BEGIN Input data

(* Let $\mathcal{Q}$ be a recourse function with a disaggregation $\{\mathcal{Q}(R,v)\}$ such that there are vectors $w\in\mathbb{Q}^{V_+}_{\ge0}$ and $b\in\mathbb{Z}^{V_+}_{\ge0}$ with the property that for every route $R$ there exists $\bar y_R\in\Pi(R)\cap[\mathbf 0,b]^N$ satisfying $\mathcal{Q}(R,v)\ge\sum_{\xi\in[N]}p_\xi w_v(\bar y_R)^\xi_v$ for all $v\in V_+(R)$. Define $$\mathcal{F}(\mathcal{X},\mathcal{Q})=\Big\{(x,\theta)\in(\mathcal{X}\cap\mathbb{Z}^E)\times\mathbb{R}^{V_+}_{\ge0}:\ \theta_v\ge\sum_{R\in\mathcal{R}(x)}\mathcal{Q}(R,v)\ \forall v\in V_+\Big\}$$ and let $\mathcal{M}$ be the set of triples $(x,\theta,y)$ with $x\in\mathcal{X}\cap\mathbb{Z}^E$, $y\in\Pi(x)\cap[\mathbf 0,b]^N$ and $\theta_v\ge\sum_{\xi\in[N]}p_\xi w_v y^\xi_v$ for all $v\in V_+$. Then $\mathcal{F}(\mathcal{X},\mathcal{Q})\subseteq\{(x,\theta):\exists y \text{ with }(x,\theta,y)\in\mathcal{M}\}$.
   Context: $G=(V,E)$ is a complete undirected graph with $V=\{0\}\cup V_+$ ($0$ the depot, $V_+$ the customers); $D=(V,A)$ replaces each edge by two opposite arcs. $C\in\mathbb{Q}_{>0}$ is the capacity. Scenarios $\xi\in[N]$ have demand vectors $d^\xi\in\mathbb{Q}^{V_+}_{\ge0}$ and probabilities $p_\xi\ge0$, $\sum_\xi p_\xi=1$; assume $d^\xi(v)\le C$ for all $\xi,v$. $f(S)=\sum_{i\in S}f(i)$; $\bar d=\sum_\xi p_\xi d^\xi$. $\delta(S)$: edges with exactly one endpoint in $S$; $E(S)$: edges with both endpoints in $S$. $\mathcal{X}$ is one of $\mathcal{X}_{\mathrm{sub}}=\{x\in[0,2]^E: x(\delta(v))=2\ \forall v\in V_+,\ x(E(S))\le|S|-1\ \forall\emptyset\ne S\subseteq V_+\}$ or $\mathcal{X}_{\mathrm{cvrp}}=\mathcal{X}_{\mathrm{sub}}\cap\{x: x(\delta(0))=2k,\ x(E(S))\le |S|-\lceil\bar d(S)/C\rceil\ \forall\emptyset\ne S\subseteq V_+\}$ for a given positive integer $k$. A route $R=(v_1,\dots,v_\ell)$ is the cycle $0,v_1,\dots,v_\ell,0$ through distinct customers, $V_+(R)=\{v_1,\dots,v_\ell\}$, $v_0=v_{\ell+1}=0$. Each $x\in\mathcal{X}\cap\mathbb{Z}^E$ encodes a collection of routes $\mathcal{R}(x)$ whose customer sets partition $V_+$. A recourse function $\mathcal{Q}$ maps each route to a nonnegative rational; a disaggregation consists of values $\mathcal{Q}(R,v)$, $v\in V_+$, with $\mathcal{Q}(R)=\sum_{v\in V_+(R)}\mathcal{Q}(R,v)$ and $\mathcal{Q}(R,v)=0$ for $v\notin V_+(R)$. Vectors $y\in\mathbb{R}^{[N]\times V_+}$ have entries $y^\xi_v$. For a route $R=(v_1,\dots,v_\ell)$ and $\xi$, $\mathcal{Y}^\xi(R)$ is the set of $y^\xi\in\mathbb{Z}^{V_+}_{\ge0}$ for which there exist $f\in\mathbb{R}^A_{\ge0}$, $g\in\mathbb{R}^{V_+}_{\ge0}$ with $f_{(v_{i-1},v_i)}+d^\xi(v_i)=f_{(v_i,v_{i+1})}+g_{v_i}$ ($i\in[\ell]$), $f_{(v_{i-1},v_i)}\le C$ ($i\in[\ell+1]$), $g_{v_i}\le Cy^\xi_{v_i}$ ($i\in[\ell]$). $\Pi(R)=\mathcal{Y}^1(R)\times\cdots\times\mathcal{Y}^N(R)$; $\Pi(x)=\bigcap_{R\in\mathcal{R}(x)}\Pi(R)$. $[\mathbf 0,b]^N=\{y:0\le y^\xi_v\le b_v\ \forall\xi,v\}$. *)

theory Defs
  imports Main "HOL.Real"
begin

(* Vertices are naturals; depot = 0, customers V+ = {1..n}, V = {0..n}.
   Scenarios are indexed by {1..N}.  A route is a list of distinct customers. *)

definition edges :: "nat \<Rightarrow> nat set set" where
  "edges n = {e. \<exists>u v. e = {u, v} \<and> u \<le> n \<and> v \<le> n \<and> u \<noteq> v}"

definition delta :: "nat \<Rightarrow> nat set \<Rightarrow> nat set set" where
  "delta n S = {e \<in> edges n. card (e \<inter> S) = 1}"

definition Ein :: "nat \<Rightarrow> nat set \<Rightarrow> nat set set" where
  "Ein n S = {e \<in> edges n. e \<subseteq> S}"

definition Xsub :: "nat \<Rightarrow> (nat set \<Rightarrow> real) set" where
  "Xsub n = {x. (\<forall>e. e \<notin> edges n \<longrightarrow> x e = 0)
     \<and> (\<forall>e\<in>edges n. 0 \<le> x e \<and> x e \<le> 2)
     \<and> (\<forall>v\<in>{1..n}. sum x (delta n {v}) = 2)
     \<and> (\<forall>S. S \<noteq> {} \<and> S \<subseteq> {1..n} \<longrightarrow> sum x (Ein n S) \<le> real (card S) - 1)}"

definition dbar :: "nat \<Rightarrow> (nat \<Rightarrow> real) \<Rightarrow> (nat \<Rightarrow> nat \<Rightarrow> real) \<Rightarrow> nat \<Rightarrow> real" where
  "dbar N p d v = (\<Sum>\<xi>\<in>{1..N}. p \<xi> * d \<xi> v)"

definition Xcvrp :: "nat \<Rightarrow> real \<Rightarrow> (nat \<Rightarrow> nat \<Rightarrow> real) \<Rightarrow> (nat \<Rightarrow> real) \<Rightarrow> nat \<Rightarrow> nat
    \<Rightarrow> (nat set \<Rightarrow> real) set" where
  "Xcvrp n C d p N k = Xsub n \<inter> {x. sum x (delta n {0}) = 2 * real k
     \<and> (\<forall>S. S \<noteq> {} \<and> S \<subseteq> {1..n} \<longrightarrow>
          sum x (Ein n S) \<le> real (card S) - of_int \<lceil>(\<Sum>v\<in>S. dbar N p d v) / C\<rceil>)}"

definition Xint :: "nat \<Rightarrow> (nat set \<Rightarrow> real) set \<Rightarrow> (nat set \<Rightarrow> real) set" where
  "Xint n X = {x \<in> X. \<forall>e\<in>edges n. x e \<in> \<int>}"

definition is_route :: "nat \<Rightarrow> nat list \<Rightarrow> bool" where
  "is_route n R \<longleftrightarrow> R \<noteq> [] \<and> distinct R \<and> set R \<subseteq> {1..n}"

(* v_i of route R = (v_1,...,v_l), with v_0 = v_{l+1} = 0 *)
definition rv :: "nat list \<Rightarrow> nat \<Rightarrow> nat" where
  "rv R i = (if 1 \<le> i \<and> i \<le> length R then R ! (i - 1) else 0)"

(* multiplicity of edge e in the cycle 0,v_1,...,v_l,0 *)
definition chi :: "nat list \<Rightarrow> nat set \<Rightarrow> real" where
  "chi R e = real (card {i \<in> {0..length R}. {rv R i, rv R (i + 1)} = e})"

definition encodes :: "nat \<Rightarrow> (nat set \<Rightarrow> real) \<Rightarrow> nat list set \<Rightarrow> bool" where
  "encodes n x Rs \<longleftrightarrow> finite Rs \<and> (\<forall>R\<in>Rs. is_route n R)
     \<and> (\<forall>R\<in>Rs. \<forall>R'\<in>Rs. R \<noteq> R' \<longrightarrow> set R \<inter> set R' = {})
     \<and> (\<Union>R\<in>Rs. set R) = {1..n}
     \<and> (\<forall>e\<in>edges n. x e = (\<Sum>R\<in>Rs. chi R e))"

definition Yxi :: "nat \<Rightarrow> real \<Rightarrow> (nat \<Rightarrow> real) \<Rightarrow> nat list \<Rightarrow> (nat \<Rightarrow> int) set" where
  "Yxi n C dxi R = {y. (\<forall>v\<in>{1..n}. 0 \<le> y v) \<and>
     (\<exists>(f :: nat \<times> nat \<Rightarrow> real) (g :: nat \<Rightarrow> real).
        (\<forall>a. 0 \<le> f a) \<and> (\<forall>v. 0 \<le> g v)
      \<and> (\<forall>i\<in>{1..length R}. f (rv R (i - 1), rv R i) + dxi (rv R i)
                              = f (rv R i, rv R (i + 1)) + g (rv R i))
      \<and> (\<forall>i\<in>{1..length R + 1}. f (rv R (i - 1), rv R i) \<le> C)
      \<and> (\<forall>i\<in>{1..length R}. g (rv R i) \<le> C * of_int (y (rv R i))))}"

(* Pi(R) = Y^1(R) x ... x Y^N(R); y xi v = y^xi_v *)
definition PiR :: "nat \<Rightarrow> real \<Rightarrow> (nat \<Rightarrow> nat \<Rightarrow> real) \<Rightarrow> nat \<Rightarrow> nat list \<Rightarrow> (nat \<Rightarrow> nat \<Rightarrow> int) set" where
  "PiR n C d N R = {y. \<forall>\<xi>\<in>{1..N}. y \<xi> \<in> Yxi n C (d \<xi>) R}"

definition Pix :: "nat \<Rightarrow> real \<Rightarrow> (nat \<Rightarrow> nat \<Rightarrow> real) \<Rightarrow> nat \<Rightarrow> nat list set \<Rightarrow> (nat \<Rightarrow> nat \<Rightarrow> int) set" where
  "Pix n C d N Rs = (\<Inter>R\<in>Rs. PiR n C d N R)"

definition boxN :: "nat \<Rightarrow> nat \<Rightarrow> (nat \<Rightarrow> int) \<Rightarrow> (nat \<Rightarrow> nat \<Rightarrow> int) set" where
  "boxN n N b = {y. \<forall>\<xi>\<in>{1..N}. \<forall>v\<in>{1..n}. 0 \<le> y \<xi> v \<and> y \<xi> v \<le> b v}"

end

theory Submission
  imports Defs "HOL-Library.Disjoint_Sets"
begin

text \<open>Membership of \<open>y\<close> in \<open>Y\<^sup>\<xi>(R)\<close> constrains \<open>y\<close> only on the customers of \<open>R\<close>
  (besides nonnegativity). Since the routes of an integer \<open>x\<close> partition the customers, the
  vectors \<open>ybar\<^sub>R\<close> of the single routes can be glued into one \<open>y \<in> \<Pi>(x) \<inter> [0,b]\<^sup>N\<close>,
  and for each customer \<open>v\<close> only the route through \<open>v\<close> contributes to the bound on \<open>\<theta>\<^sub>v\<close>.\<close>

lemma rv_in_set: "i \<in> {1..length R} \<Longrightarrow> rv R i \<in> set R"
  by (auto simp: rv_def)

lemma Yxi_cong:
  assumes "y \<in> Yxi n C dxi R" "\<forall>v\<in>set R. y' v = y v" "\<forall>v\<in>{1..n}. 0 \<le> y' v"
  shows "y' \<in> Yxi n C dxi R"
proof -
  from assms(1) obtain f g where flow: "(\<forall>a. 0 \<le> f a) \<and> (\<forall>v. 0 \<le> g v)
      \<and> (\<forall>i\<in>{1..length R}. f (rv R (i - 1), rv R i) + dxi (rv R i)
                              = f (rv R i, rv R (i + 1)) + g (rv R i))
      \<and> (\<forall>i\<in>{1..length R + 1}. f (rv R (i - 1), rv R i) \<le> C)"
    and unload: "\<forall>i\<in>{1..length R}. g (rv R i) \<le> C * of_int (y (rv R i))"
    unfolding Yxi_def by blast
  have "\<forall>i\<in>{1..length R}. g (rv R i) \<le> C * of_int (y' (rv R i))"
    using unload assms(2) rv_in_set by metis
  with flow assms(3) show ?thesis
    unfolding Yxi_def by blast
qed

lemma PiR_cong:
  assumes "y \<in> PiR n C d N R" "\<forall>\<xi>\<in>{1..N}. \<forall>v\<in>set R. y' \<xi> v = y \<xi> v"
    and "\<forall>\<xi>\<in>{1..N}. \<forall>v\<in>{1..n}. 0 \<le> y' \<xi> v"
  shows "y' \<in> PiR n C d N R"
  using assms Yxi_cong unfolding PiR_def by blast

definition route_of :: "'a list set \<Rightarrow> 'a \<Rightarrow> 'a list" where
  "route_of Rs v = (THE R. R \<in> Rs \<and> v \<in> set R)"

lemma route_of_eq:
  assumes "disjoint_family_on set Rs" "R \<in> Rs" "v \<in> set R"
  shows "route_of Rs v = R"
  unfolding route_of_def
  by (rule the_equality) (use assms in \<open>auto dest: disjoint_family_onD\<close>)

definition glue :: "'a list set \<Rightarrow> ('a list \<Rightarrow> 'i \<Rightarrow> 'a \<Rightarrow> 'b) \<Rightarrow> 'i \<Rightarrow> 'a \<Rightarrow> 'b" where
  "glue Rs ys \<xi> v = ys (route_of Rs v) \<xi> v"

lemma glue_eq:
  "disjoint_family_on set Rs \<Longrightarrow> R \<in> Rs \<Longrightarrow> v \<in> set R \<Longrightarrow> glue Rs ys \<xi> v = ys R \<xi> v"
  by (simp add: glue_def route_of_eq)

END Input data

> **The task**: Look above for the line holding "theory Submission" and the line holding "R. y' \<xi> v". Retype both, and every line between them, word for word and nothing else.

> **Answer section**:
theory Submission
  imports Defs "HOL-Library.Disjoint_Sets"
begin

text \<open>Membership of \<open>y\<close> in \<open>Y\<^sup>\<xi>(R)\<close> constrains \<open>y\<close> only on the customers of \<open>R\<close>
  (besides nonnegativity). Since the routes of an integer \<open>x\<close> partition the customers, the
  vectors \<open>ybar\<^sub>R\<close> of the single routes can be glued into one \<open>y \<in> \<Pi>(x) \<inter> [0,b]\<^sup>N\<close>,
  and for each customer \<open>v\<close> only the route through \<open>v\<close> contributes to the bound on \<open>\<theta>\<^sub>v\<close>.\<close>

lemma rv_in_set: "i \<in> {1..length R} \<Longrightarrow> rv R i \<in> set R"
  by (auto simp: rv_def)

lemma Yxi_cong:
  assumes "y \<in> Yxi n C dxi R" "\<forall>v\<in>set R. y' v = y v" "\<forall>v\<in>{1..n}. 0 \<le> y' v"
  shows "y' \<in> Yxi n C dxi R"
proof -
  from assms(1) obtain f g where flow: "(\<forall>a. 0 \<le> f a) \<and> (\<forall>v. 0 \<le> g v)
      \<and> (\<forall>i\<in>{1..length R}. f (rv R (i - 1), rv R i) + dxi (rv R i)
                              = f (rv R i, rv R (i + 1)) + g (rv R i))
      \<and> (\<forall>i\<in>{1..length R + 1}. f (rv R (i - 1), rv R i) \<le> C)"
    and unload: "\<forall>i\<in>{1..length R}. g (rv R i) \<le> C * of_int (y (rv R i))"
    unfolding Yxi_def by blast
  have "\<forall>i\<in>{1..length R}. g (rv R i) \<le> C * of_int (y' (rv R i))"
    using unload assms(2) rv_in_set by metis
  with flow assms(3) show ?thesis
    unfolding Yxi_def by blast
qed

lemma PiR_cong:
  assumes "y \<in> PiR n C d N R" "\<forall>\<xi>\<in>{1..N}. \<forall>v\<in>set R. y' \<xi> v = y \<xi> v"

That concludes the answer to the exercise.